Activity » Below are entries; copy exactly the lines from the one with "imports Complex_Main" through the one with "i = (\<lambda>j.", both included, and leave out the rest.

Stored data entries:
------------------------------------------------
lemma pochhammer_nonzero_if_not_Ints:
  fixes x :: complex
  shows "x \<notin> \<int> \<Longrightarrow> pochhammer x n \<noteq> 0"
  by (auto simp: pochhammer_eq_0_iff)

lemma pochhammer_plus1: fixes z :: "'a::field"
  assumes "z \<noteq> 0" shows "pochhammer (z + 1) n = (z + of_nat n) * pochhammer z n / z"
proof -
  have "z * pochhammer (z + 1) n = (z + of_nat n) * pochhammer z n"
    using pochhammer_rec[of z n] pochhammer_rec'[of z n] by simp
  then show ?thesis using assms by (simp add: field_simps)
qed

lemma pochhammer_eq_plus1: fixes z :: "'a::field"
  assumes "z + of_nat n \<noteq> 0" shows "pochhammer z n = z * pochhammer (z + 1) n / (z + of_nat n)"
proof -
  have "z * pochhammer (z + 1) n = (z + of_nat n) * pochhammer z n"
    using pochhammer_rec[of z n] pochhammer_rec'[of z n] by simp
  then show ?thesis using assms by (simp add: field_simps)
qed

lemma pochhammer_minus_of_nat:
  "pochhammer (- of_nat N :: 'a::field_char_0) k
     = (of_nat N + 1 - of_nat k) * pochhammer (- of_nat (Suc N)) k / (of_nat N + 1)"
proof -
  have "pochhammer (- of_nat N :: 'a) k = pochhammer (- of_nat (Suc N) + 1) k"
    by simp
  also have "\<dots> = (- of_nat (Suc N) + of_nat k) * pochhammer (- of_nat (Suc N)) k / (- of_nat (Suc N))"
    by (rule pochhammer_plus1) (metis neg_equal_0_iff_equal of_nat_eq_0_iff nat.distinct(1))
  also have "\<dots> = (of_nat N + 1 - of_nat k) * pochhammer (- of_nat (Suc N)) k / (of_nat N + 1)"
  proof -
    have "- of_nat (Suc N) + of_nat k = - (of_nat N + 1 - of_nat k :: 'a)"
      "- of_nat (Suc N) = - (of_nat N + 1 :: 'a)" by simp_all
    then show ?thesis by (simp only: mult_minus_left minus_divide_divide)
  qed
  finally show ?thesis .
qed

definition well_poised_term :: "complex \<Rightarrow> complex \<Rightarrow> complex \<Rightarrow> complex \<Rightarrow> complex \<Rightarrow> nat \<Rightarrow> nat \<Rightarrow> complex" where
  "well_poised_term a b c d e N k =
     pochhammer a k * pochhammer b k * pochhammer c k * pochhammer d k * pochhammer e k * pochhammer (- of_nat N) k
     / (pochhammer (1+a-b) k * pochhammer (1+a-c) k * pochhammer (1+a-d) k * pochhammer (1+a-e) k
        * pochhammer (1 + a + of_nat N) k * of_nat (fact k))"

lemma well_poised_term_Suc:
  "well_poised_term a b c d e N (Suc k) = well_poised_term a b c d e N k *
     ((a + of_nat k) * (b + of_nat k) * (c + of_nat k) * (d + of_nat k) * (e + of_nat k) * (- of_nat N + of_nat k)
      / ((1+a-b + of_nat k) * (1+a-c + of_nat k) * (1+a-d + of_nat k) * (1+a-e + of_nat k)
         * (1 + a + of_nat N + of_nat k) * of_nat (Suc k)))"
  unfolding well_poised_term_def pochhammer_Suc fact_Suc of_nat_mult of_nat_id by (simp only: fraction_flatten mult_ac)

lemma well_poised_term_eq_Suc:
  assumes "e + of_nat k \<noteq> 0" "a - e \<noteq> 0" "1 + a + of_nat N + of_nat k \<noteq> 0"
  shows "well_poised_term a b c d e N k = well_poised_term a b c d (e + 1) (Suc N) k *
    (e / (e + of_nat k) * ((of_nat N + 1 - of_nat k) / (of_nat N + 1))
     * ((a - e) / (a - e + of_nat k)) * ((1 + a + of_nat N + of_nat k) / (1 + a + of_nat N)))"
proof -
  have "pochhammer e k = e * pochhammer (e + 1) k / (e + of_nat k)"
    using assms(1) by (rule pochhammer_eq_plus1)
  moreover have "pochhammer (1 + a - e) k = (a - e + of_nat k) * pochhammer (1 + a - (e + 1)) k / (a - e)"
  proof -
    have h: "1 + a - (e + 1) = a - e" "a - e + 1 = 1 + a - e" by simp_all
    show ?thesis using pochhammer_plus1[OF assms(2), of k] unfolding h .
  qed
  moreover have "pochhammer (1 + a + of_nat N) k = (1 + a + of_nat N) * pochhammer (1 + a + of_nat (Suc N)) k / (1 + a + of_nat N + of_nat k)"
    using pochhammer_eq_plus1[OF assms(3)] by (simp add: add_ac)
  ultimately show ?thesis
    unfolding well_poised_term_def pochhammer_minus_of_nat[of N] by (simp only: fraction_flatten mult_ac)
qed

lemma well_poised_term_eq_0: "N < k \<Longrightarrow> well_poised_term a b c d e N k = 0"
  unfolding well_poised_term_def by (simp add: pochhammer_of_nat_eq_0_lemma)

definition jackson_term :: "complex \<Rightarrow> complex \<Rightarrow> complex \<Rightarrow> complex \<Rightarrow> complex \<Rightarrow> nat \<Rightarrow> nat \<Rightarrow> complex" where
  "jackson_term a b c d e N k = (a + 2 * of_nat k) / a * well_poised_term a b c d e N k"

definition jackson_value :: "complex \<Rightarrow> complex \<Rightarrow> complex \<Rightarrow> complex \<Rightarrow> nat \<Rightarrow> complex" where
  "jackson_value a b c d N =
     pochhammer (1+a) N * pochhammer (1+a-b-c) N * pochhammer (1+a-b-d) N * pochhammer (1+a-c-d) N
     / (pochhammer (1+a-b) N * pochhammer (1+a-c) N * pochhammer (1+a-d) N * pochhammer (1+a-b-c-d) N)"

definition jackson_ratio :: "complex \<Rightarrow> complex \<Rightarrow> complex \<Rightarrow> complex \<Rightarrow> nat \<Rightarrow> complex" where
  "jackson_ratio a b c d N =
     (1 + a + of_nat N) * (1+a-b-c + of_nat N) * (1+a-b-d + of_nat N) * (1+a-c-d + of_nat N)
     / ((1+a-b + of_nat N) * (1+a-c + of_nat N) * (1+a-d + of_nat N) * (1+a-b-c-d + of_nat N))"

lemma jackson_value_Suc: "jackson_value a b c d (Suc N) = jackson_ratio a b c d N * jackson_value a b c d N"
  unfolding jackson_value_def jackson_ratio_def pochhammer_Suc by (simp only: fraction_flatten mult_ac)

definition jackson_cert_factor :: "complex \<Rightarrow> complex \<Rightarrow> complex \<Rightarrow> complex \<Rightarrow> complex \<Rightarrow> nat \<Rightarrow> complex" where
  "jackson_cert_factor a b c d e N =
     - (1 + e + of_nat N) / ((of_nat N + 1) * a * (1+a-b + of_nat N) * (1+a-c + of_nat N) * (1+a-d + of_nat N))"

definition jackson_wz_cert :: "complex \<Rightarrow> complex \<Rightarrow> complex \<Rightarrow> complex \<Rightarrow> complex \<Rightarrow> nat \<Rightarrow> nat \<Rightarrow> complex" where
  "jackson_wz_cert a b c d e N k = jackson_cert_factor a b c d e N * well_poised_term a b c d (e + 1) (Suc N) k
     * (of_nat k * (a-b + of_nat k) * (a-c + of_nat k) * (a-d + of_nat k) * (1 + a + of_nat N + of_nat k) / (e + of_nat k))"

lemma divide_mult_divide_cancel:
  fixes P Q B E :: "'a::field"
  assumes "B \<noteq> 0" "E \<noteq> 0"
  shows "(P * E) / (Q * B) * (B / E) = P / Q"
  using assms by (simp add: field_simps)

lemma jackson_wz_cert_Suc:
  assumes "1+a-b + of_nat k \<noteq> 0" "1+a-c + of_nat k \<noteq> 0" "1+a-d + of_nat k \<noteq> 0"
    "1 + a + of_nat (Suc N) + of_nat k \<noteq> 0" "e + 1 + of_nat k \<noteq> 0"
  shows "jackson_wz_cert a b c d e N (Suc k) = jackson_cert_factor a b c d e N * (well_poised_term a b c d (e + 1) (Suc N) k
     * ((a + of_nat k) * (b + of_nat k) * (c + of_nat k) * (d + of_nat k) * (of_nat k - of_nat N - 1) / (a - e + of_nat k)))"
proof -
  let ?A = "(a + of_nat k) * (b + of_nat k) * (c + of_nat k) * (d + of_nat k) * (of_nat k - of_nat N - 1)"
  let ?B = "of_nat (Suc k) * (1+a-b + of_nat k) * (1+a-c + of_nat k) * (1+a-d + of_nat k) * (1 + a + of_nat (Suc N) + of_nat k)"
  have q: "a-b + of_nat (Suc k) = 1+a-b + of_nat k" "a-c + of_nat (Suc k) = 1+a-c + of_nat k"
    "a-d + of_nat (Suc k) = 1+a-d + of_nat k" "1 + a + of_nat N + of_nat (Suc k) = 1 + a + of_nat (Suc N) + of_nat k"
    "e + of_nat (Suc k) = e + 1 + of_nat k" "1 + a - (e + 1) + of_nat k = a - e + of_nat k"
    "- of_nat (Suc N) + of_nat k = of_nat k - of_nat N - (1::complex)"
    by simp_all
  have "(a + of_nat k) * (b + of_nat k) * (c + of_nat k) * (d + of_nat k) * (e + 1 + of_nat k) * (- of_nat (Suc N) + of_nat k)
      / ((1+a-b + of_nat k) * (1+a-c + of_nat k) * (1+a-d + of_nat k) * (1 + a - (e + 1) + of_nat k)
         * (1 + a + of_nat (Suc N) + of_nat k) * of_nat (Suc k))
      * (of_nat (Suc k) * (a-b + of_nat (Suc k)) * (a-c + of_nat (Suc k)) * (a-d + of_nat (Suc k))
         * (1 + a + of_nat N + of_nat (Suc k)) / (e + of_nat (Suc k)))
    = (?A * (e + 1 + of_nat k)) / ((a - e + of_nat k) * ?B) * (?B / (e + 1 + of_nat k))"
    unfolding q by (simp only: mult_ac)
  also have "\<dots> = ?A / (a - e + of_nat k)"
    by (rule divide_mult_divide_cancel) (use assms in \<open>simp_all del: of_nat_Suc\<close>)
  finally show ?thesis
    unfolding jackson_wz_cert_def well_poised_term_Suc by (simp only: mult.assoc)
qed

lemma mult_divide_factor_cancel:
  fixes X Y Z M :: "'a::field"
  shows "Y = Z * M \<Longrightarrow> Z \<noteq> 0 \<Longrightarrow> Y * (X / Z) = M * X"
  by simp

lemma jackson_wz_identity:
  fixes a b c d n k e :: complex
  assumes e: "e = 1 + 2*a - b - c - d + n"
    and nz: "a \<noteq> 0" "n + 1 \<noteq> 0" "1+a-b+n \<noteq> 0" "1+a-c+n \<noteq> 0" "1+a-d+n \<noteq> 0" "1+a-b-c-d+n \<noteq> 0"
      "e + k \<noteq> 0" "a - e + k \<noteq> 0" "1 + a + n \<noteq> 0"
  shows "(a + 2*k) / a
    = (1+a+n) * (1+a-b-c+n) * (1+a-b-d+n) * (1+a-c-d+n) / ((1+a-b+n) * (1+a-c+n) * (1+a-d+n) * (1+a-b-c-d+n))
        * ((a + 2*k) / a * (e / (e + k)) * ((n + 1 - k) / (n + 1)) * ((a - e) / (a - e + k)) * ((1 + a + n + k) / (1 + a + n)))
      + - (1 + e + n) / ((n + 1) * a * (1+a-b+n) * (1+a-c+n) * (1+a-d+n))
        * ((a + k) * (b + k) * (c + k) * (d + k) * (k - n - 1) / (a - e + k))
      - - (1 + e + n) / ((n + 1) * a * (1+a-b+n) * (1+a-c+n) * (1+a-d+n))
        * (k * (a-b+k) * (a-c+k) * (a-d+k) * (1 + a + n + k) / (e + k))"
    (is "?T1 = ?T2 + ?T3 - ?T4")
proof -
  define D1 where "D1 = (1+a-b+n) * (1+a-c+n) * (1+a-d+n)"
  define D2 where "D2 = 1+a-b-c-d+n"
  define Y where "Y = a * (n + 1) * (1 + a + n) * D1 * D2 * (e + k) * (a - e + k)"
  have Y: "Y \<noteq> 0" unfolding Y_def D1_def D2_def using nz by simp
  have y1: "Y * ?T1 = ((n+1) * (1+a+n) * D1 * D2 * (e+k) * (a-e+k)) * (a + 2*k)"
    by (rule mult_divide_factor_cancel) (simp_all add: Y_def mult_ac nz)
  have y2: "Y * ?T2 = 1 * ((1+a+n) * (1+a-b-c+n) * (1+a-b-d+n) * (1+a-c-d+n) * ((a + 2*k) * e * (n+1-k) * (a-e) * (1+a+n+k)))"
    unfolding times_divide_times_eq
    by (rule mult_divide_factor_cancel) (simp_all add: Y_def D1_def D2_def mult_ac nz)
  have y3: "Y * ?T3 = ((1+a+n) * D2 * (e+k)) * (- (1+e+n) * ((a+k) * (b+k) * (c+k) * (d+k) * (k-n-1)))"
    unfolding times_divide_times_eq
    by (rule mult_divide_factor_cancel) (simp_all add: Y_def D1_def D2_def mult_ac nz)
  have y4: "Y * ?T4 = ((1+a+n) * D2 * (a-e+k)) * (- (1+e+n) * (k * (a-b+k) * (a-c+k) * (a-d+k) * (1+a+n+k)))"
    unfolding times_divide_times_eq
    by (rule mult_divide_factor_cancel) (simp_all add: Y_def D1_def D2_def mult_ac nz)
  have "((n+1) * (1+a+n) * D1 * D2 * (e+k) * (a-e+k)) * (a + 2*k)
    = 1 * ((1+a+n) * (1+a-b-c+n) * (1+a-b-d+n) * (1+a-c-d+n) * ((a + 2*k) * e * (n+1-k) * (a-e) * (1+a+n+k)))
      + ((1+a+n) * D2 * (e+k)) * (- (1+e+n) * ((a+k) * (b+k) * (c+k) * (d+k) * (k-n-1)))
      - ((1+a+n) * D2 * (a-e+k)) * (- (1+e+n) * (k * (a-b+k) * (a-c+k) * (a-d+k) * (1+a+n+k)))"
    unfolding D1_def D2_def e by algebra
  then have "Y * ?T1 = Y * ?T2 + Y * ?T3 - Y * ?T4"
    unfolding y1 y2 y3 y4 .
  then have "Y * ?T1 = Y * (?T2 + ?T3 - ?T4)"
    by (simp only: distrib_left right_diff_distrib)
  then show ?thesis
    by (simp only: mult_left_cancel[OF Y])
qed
------------------------------------------------
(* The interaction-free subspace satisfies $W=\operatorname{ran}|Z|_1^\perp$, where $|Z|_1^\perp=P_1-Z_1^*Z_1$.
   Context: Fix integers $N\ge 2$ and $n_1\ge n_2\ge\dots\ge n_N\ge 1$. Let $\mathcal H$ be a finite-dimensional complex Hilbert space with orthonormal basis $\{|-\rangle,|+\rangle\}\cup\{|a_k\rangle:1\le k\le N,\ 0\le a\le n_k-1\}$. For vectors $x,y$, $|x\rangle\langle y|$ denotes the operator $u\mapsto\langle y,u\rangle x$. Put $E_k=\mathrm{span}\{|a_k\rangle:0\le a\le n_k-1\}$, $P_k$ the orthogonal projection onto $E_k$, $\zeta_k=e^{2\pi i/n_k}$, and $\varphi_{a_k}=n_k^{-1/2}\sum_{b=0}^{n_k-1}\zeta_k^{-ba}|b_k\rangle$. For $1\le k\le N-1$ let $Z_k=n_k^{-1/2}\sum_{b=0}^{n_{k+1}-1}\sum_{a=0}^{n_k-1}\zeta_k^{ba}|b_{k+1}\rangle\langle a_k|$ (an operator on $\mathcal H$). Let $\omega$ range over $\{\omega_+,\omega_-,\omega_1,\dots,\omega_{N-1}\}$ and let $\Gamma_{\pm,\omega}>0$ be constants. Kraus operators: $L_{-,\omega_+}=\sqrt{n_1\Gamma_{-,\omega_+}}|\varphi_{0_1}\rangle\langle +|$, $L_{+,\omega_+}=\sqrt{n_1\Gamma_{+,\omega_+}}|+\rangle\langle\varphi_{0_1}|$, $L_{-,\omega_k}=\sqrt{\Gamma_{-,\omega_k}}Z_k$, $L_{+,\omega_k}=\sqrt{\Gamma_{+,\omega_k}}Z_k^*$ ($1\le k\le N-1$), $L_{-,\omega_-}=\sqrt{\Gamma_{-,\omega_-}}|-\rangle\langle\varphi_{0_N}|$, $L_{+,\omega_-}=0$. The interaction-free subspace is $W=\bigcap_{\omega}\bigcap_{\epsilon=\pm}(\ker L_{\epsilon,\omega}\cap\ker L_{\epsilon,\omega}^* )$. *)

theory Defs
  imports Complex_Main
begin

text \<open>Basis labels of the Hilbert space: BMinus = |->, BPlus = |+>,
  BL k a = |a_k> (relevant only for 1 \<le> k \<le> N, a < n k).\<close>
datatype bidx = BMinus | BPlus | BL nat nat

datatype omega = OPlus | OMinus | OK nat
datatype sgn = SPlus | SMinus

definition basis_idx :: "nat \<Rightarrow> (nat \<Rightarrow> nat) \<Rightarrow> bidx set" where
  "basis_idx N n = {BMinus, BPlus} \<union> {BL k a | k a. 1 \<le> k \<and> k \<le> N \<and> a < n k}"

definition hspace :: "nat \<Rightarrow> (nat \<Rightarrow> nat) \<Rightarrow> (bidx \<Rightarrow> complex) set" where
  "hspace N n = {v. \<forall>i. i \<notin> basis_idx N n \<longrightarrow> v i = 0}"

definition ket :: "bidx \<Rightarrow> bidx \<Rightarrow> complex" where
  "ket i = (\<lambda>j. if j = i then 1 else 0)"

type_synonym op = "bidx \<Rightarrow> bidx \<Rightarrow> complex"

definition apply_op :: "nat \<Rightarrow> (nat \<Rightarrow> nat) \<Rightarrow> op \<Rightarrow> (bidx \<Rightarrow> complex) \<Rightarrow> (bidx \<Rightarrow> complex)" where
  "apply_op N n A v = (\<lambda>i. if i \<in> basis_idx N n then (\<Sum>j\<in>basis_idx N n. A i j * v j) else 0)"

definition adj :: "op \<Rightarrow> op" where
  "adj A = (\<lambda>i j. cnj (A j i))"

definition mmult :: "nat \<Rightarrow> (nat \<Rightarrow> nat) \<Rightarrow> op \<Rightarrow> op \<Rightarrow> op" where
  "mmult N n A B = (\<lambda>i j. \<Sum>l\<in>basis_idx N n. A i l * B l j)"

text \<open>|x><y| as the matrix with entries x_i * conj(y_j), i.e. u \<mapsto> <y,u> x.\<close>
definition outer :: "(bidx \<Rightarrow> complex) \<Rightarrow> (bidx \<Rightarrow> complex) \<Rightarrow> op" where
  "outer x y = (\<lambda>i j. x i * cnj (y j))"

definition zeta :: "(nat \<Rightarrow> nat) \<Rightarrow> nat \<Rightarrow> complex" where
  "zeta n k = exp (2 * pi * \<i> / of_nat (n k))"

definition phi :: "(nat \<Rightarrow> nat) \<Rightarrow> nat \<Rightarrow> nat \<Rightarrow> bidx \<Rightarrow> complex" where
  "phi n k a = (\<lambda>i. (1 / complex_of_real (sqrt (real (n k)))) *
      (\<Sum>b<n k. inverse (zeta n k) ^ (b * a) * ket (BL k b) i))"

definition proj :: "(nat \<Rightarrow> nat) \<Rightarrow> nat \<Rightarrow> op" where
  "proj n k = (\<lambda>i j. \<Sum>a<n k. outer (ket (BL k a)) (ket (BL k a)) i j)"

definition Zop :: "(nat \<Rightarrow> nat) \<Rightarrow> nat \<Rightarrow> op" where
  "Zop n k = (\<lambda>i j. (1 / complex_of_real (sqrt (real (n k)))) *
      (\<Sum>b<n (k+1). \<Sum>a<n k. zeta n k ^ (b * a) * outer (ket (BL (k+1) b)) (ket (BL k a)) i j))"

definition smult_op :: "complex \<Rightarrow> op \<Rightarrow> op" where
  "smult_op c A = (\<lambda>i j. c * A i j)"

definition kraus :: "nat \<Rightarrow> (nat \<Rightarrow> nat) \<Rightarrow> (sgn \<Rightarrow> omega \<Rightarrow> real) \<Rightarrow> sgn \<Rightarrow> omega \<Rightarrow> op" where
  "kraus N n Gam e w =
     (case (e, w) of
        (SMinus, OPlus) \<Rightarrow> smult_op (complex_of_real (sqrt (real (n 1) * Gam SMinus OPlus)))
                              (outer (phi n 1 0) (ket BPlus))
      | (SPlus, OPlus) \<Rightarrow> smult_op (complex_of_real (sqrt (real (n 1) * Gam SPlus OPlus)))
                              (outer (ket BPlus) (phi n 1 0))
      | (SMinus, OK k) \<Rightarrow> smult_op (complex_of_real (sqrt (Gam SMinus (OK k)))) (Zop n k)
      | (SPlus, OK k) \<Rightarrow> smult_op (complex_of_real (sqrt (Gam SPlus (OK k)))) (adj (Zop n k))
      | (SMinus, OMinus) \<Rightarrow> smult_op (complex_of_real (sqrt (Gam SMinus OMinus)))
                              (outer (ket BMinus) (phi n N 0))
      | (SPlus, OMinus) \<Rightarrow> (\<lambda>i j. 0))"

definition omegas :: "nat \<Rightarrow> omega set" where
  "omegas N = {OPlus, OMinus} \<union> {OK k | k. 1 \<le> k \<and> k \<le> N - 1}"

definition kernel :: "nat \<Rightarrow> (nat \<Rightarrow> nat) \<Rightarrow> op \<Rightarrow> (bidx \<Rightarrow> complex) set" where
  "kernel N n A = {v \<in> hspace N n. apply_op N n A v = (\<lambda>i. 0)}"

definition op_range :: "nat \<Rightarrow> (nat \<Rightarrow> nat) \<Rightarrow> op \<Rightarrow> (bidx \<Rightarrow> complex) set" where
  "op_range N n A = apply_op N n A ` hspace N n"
------------------------------------------------
Answer space »
  imports Complex_Main
begin

text \<open>Basis labels of the Hilbert space: BMinus = |->, BPlus = |+>,
  BL k a = |a_k> (relevant only for 1 \<le> k \<le> N, a < n k).\<close>
datatype bidx = BMinus | BPlus | BL nat nat

datatype omega = OPlus | OMinus | OK nat
datatype sgn = SPlus | SMinus

definition basis_idx :: "nat \<Rightarrow> (nat \<Rightarrow> nat) \<Rightarrow> bidx set" where
  "basis_idx N n = {BMinus, BPlus} \<union> {BL k a | k a. 1 \<le> k \<and> k \<le> N \<and> a < n k}"

definition hspace :: "nat \<Rightarrow> (nat \<Rightarrow> nat) \<Rightarrow> (bidx \<Rightarrow> complex) set" where
  "hspace N n = {v. \<forall>i. i \<notin> basis_idx N n \<longrightarrow> v i = 0}"

definition ket :: "bidx \<Rightarrow> bidx \<Rightarrow> complex" where
  "ket i = (\<lambda>j. if j = i then 1 else 0)"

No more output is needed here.